A jeśli mowa o strawie – drugą fazą są żniwa. Każdy z uczestników dostaje takie same, zależne od rundy, żetony pożywienia. Następnie, w turach, gracze wysyłają swoich roboli na wolne pola na planszy akcji. Wywołuje to wszelakie konsekwencje, zawsze pozytywne. Ciężko mi opisać dokładnie każde możliwe działanie, skrócę więc najważniejsze informacje. Podstawowym typem zadania naszych ludzi jest zdobywanie surowców i pożywienia. Dzięki nim będziemy mogli stawiać budynki, produkować łodzie i handlować. Żetony dóbr zdobywane w tych akcjach służą do zapełniania układanki w centrum naszych plansz osady, skolonizowanych wysp i budowli. Jest to swoisty „tetris”, gdzie staramy się zakryć odpowiednie pola, zwiększające dochód, i otoczyć inne miejsca, które zapewnią stały dopływ dóbr i surowców. Mechanika prosta, ale przyjemna i pozwala na sprytne budowanie silniczka, jakże cenionego w tego typu grach.

Sklecone łodzie możemy wykorzystywać do połowu wielorybów, świetnego źródła mięsa. A jeśli po drodze natrafi się jakiś rabunek czy plądrowanie, to już tak bywa w życiu człowieka północy. W każdym z tych przypadków będziemy rzucać kością, by oszacować, jak dobrze nam poszło. Kiepskie wyniki można poprawić zagrywając karty broni, a w przypadku porażki i tak dostaniemy nagrodę pocieszenia. Mechanika warta docenienia.

Wikingowie wpadli do kociołka z apetizerem. „Uczta dla Odyna” – recenzja gry planszowej

Na statkach możemy również wyemigrować naszych ludzi gdzieś na drugą stronę globu. Zmniejsza to liczbę gęb do wykarmienia, co jest sporym ułatwieniem, bo niestety gra nie pozwala nasycić masowo wszystkich wojskową grochówką. Łodzie pozwalają również na zasiedlanie wysp, co daje nam więcej plansz do układania „tetrisa”.

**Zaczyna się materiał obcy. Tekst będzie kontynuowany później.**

(* Let $R$ be a linear involution of $\mathbb{T}^2$ induced by an integer matrix $A$ with $\det A=\pm1$, $A^2=\mathrm{Id}$, $A\neq\pm\mathrm{Id}$. Then the set of area-preserving $R$-reversible Anosov diffeomorphisms of $\mathbb{T}^2$ is non-empty and has no isolated points in the $C^1$ topology.
   Context: $\mathbb{T}^2=\mathbb{R}^2/\mathbb{Z}^2$ with normalized Lebesgue measure $\mu$. A diffeomorphism $f$ is $R$-reversible if $R\circ f=f^{-1}\circ R$; it is Anosov if $\mathbb{T}^2$ is a uniformly hyperbolic set for $f$. *)

theory Defs
  imports "HOL-Analysis.Analysis"
begin

text \<open>The torus T^2 = R^2/Z^2 is handled through lifts to R^2 = real^2.\<close>

definition int_vec :: "real^2 \<Rightarrow> bool" where
  "int_vec x \<longleftrightarrow> (\<forall>i. x $ i \<in> \<int>)"

text \<open>Two points of R^2 represent the same point of the torus.\<close>
definition teq :: "real^2 \<Rightarrow> real^2 \<Rightarrow> bool" where
  "teq x y \<longleftrightarrow> int_vec (x - y)"

text \<open>Two lifts represent the same map of the torus.\<close>
definition tmap_eq :: "(real^2 \<Rightarrow> real^2) \<Rightarrow> (real^2 \<Rightarrow> real^2) \<Rightarrow> bool" where
  "tmap_eq F G \<longleftrightarrow> (\<forall>x. teq (F x) (G x))"

definition descends :: "(real^2 \<Rightarrow> real^2) \<Rightarrow> bool" where
  "descends F \<longleftrightarrow> (\<forall>x k. int_vec k \<longrightarrow> int_vec (F (x + k) - F x))"

definition C1_map :: "(real^2 \<Rightarrow> real^2) \<Rightarrow> bool" where
  "C1_map F \<longleftrightarrow> (\<forall>x. F differentiable (at x)) \<and>
     continuous_on UNIV (\<lambda>x. matrix (frechet_derivative F (at x)))"

text \<open>(F, G) are lifts of a C^1 diffeomorphism of the torus and of its inverse.\<close>
definition torus_diffeo :: "(real^2 \<Rightarrow> real^2) \<Rightarrow> (real^2 \<Rightarrow> real^2) \<Rightarrow> bool" where
  "torus_diffeo F G \<longleftrightarrow> descends F \<and> descends G \<and> C1_map F \<and> C1_map G \<and>
     (\<forall>x. G (F x) = x) \<and> (\<forall>y. F (G y) = y)"

definition unit_cube :: "(real^2) set" where
  "unit_cube = {x. \<forall>i. 0 \<le> x $ i \<and> x $ i < 1}"

text \<open>Z^2-periodic subsets of R^2 = subsets of the torus.\<close>
definition periodic_set :: "(real^2) set \<Rightarrow> bool" where
  "periodic_set E \<longleftrightarrow> (\<forall>x k. int_vec k \<longrightarrow> (x + k \<in> E \<longleftrightarrow> x \<in> E))"

text \<open>f preserves the normalized Lebesgue measure mu of the torus: mu(f^-1 E) = mu(E).\<close>
definition area_preserving :: "(real^2 \<Rightarrow> real^2) \<Rightarrow> bool" where
  "area_preserving F \<longleftrightarrow>
     (\<forall>E. E \<in> sets lborel \<and> periodic_set E \<longrightarrow>
        emeasure lborel ({x. F x \<in> E} \<inter> unit_cube) = emeasure lborel (E \<inter> unit_cube))"

definition of_int_mat :: "int^2^2 \<Rightarrow> real^2^2" where
  "of_int_mat A = (\<chi> i j. real_of_int (A $ i $ j))"

definition lin_lift :: "int^2^2 \<Rightarrow> real^2 \<Rightarrow> real^2" where
  "lin_lift A x = of_int_mat A *v x"

text \<open>R o f = f^-1 o R on the torus, with R induced by A, G a lift of f^-1.\<close>
definition reversible :: "int^2^2 \<Rightarrow> (real^2 \<Rightarrow> real^2) \<Rightarrow> (real^2 \<Rightarrow> real^2) \<Rightarrow> bool" where
  "reversible A F G \<longleftrightarrow> (\<forall>x. teq (lin_lift A (F x)) (G (lin_lift A x)))"

definition anosov :: "(real^2 \<Rightarrow> real^2) \<Rightarrow> (real^2 \<Rightarrow> real^2) \<Rightarrow> bool" where
  "anosov F G \<longleftrightarrow>
    (\<exists>C lam Es Eu. C > 0 \<and> 0 < lam \<and> lam < 1 \<and>
      (\<forall>x k. int_vec k \<longrightarrow> Es (x + k) = Es x \<and> Eu (x + k) = Eu x) \<and>
      (\<forall>x. subspace (Es x) \<and> subspace (Eu x) \<and> Es x \<inter> Eu x = {0} \<and>
           {a + b | a b. a \<in> Es x \<and> b \<in> Eu x} = UNIV \<and>
           frechet_derivative F (at x) ` Es x = Es (F x) \<and>
           frechet_derivative F (at x) ` Eu x = Eu (F x) \<and>
           (\<forall>n v. v \<in> Es x \<longrightarrow>
              norm (frechet_derivative (F ^^ n) (at x) v) \<le> C * lam ^ n * norm v) \<and>
           (\<forall>n v. v \<in> Eu x \<longrightarrow>
              norm (frechet_derivative (G ^^ n) (at x) v) \<le> C * lam ^ n * norm v)))"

Ostatnia warta wspomnienia akcja to zagrywanie pomocnika. Są to zbierane przez nas karty, które zapewniają unikalne efekty, zazwyczaj spore bonusy. Tutaj się przyda kropla szczęścia, albowiem nie wszyscy pomocnicy są użyteczni przy konkretnej, zaplanowanej strategii. W każdym razie, są potężnym asem w rękawie.

Następnie następuje faza dochodu, gdzie zdobywamy zasoby z naszych układanek. Możemy tu dostać zarówno pieniążki, jak i surowce i jedzenie.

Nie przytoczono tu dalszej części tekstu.